Find how many lines in the listing below include the word "bexI". Give that number only.
____________
lemma residual_domain_path_end_ideal_bdry_comp:
  fixes \<alpha> :: "real \<Rightarrow> 'a"
  assumes Hausdorff: "Hausdorff_space S" and countable: "second_countable S"
    and lc: "locally_connected_space S" and lk: "locally_compact_space S"
    and K: "compactin S K" and U: "residual_domain S K U"
    and \<alpha>: "continuous_map (top_of_set {0<..1}) (subtopology S U) \<alpha>"
    and p: "p \<in> K" "limitin S \<alpha> p (at 0 within {0<..1})"
  obtains V where "ideal_bdry_comp (subtopology S U) V" "compactin S (S closure_of V 0)"
    "\<And>n. eventually (\<lambda>t. \<alpha> t \<in> V n) (at 0 within {0<..1})"
proof -
  have U_comp: "U \<in> connected_components_of (subtopology S (topspace S - K))"
    using U unfolding residual_domain_def .
  have U_open: "openin S U"
    using compactin_imp_closedin[OF Hausdorff K] lc U_comp
    by (meson closedin_def locally_connected_space_open_connected_components)
  have U_K: "U \<inter> K = {}"
    using connected_components_of_subset[OF U_comp] by auto
  obtain N where N: "\<And>n. openin S (N n)" "\<And>n. K \<subseteq> N n" "\<And>n. compactin S (S closure_of N n)" "decseq N"
    and N_avoid: "\<And>C. compactin S C \<Longrightarrow> C \<inter> K = {} \<Longrightarrow> \<exists>n. C \<inter> N n = {}"
    using compactin_decreasing_open_neighbourhoods[OF Hausdorff countable lk K] by metis
  define W where "W n = U \<inter> N n" for n
  have W_open: "openin (subtopology S U) (W n)" for n
    unfolding W_def using N(1) by (rule openin_subtopology_Int2)
  have "decseq W"
    using N(4) unfolding W_def by (auto simp: decseq_def)
  have ev_W: "eventually (\<lambda>t. \<alpha> t \<in> W n) (at 0 within {0<..1})" for n
  proof -
    have "eventually (\<lambda>t. \<alpha> t \<in> N n) (at 0 within {0<..1})"
      using p N(1,2) unfolding limitin_def by blast
    moreover have "eventually (\<lambda>t. \<alpha> t \<in> U) (at 0 within {0<..1})"
      using continuous_map_image_subset_topspace[OF \<alpha>] unfolding eventually_at_0_within_Ioc
      by (intro bexI[of _ 1]) auto
    ultimately show ?thesis
      unfolding W_def by (auto elim: eventually_elim2)
  qed
  have "locally_connected_space (subtopology S U)"
    using lc U_open by (rule locally_connected_space_open_subset)
  then obtain V where V: "decseq V" "\<And>n. openin (subtopology S U) (V n)"
      "\<And>n. connectedin (subtopology S U) (V n)" "\<And>n. V n \<subseteq> W n"
      "\<And>n. subtopology S U frontier_of V n \<subseteq> subtopology S U frontier_of W n"
    and ev_V: "\<And>n. eventually (\<lambda>t. \<alpha> t \<in> V n) (at 0 within {0<..1})"
    using path_tail_components[OF _ \<alpha> W_open \<open>decseq W\<close> ev_W] by metis
  have nontriv: "\<not> trivial_limit (at (0::real) within {0<..1})"
    by (simp add: trivial_limit_within)
  show thesis
  proof
    show "ideal_bdry_comp (subtopology S U) V"
      by (rule ideal_bdry_comp_of_shrinking_neighbourhoods[OF Hausdorff U_open
          closure_of_connected_components_of_complement[OF U_comp] U_K N N_avoid V[unfolded W_def]
          p(2,1) nontriv ev_V])
    have "S closure_of V 0 \<subseteq> S closure_of N 0"
      using V(4) unfolding W_def by (intro closure_of_mono) blast
    then show "compactin S (S closure_of V 0)"
      using N(3) closed_compactin closedin_closure_of by blast
  qed (fact ev_V)
qed

theorem proposition4p2:
  fixes S :: "'a topology" and K U :: "'a set" and \<alpha> :: "real \<Rightarrow> 'a" and p :: 'a
  assumes "surface S" and "connected_space S"
    and "compactin S K" and "connectedin S K"
    and "residual_domain S K U"
    and "continuous_map (top_of_set {0<..1}) (subtopology S U) \<alpha>"
    and "p \<in> K"
    and "limitin S \<alpha> p (at 0 within {0<..1})"
  shows "\<exists>b \<in> ideal_boundary (subtopology S U).
           rel_compact_ibp S U b \<and>
           limitin (ideal_completion (subtopology S U)) (Inl \<circ> \<alpha>) (Inr b) (at 0 within {0<..1})"
proof -
  have "Hausdorff_space S" "second_countable S"
    using \<open>surface S\<close> unfolding surface_def by auto
  then obtain V where V: "ideal_bdry_comp (subtopology S U) V" "compactin S (S closure_of V 0)"
    and ev: "\<And>n. eventually (\<lambda>t. \<alpha> t \<in> V n) (at 0 within {0<..1})"
    using surface_imp_locally_connected_space[OF \<open>surface S\<close>]
      surface_imp_locally_compact_space[OF \<open>surface S\<close>]
    by (rule residual_domain_path_end_ideal_bdry_comp) (use assms in auto)
  show ?thesis
  proof (intro bexI conjI)
    show "ideal_point (subtopology S U) V \<in> ideal_boundary (subtopology S U)"
      by (rule ideal_point_in_ideal_boundary[OF V(1)])
    show "rel_compact_ibp S U (ideal_point (subtopology S U) V)"
      unfolding rel_compact_ibp_def using mem_ideal_point_self[OF V(1)] V(2) by blast
    show "limitin (ideal_completion (subtopology S U)) (Inl \<circ> \<alpha>)
        (Inr (ideal_point (subtopology S U) V)) (at 0 within {0<..1})"
      by (rule limitin_ideal_point[OF V(1) ev])
  qed
qed

end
____________
Written response: 2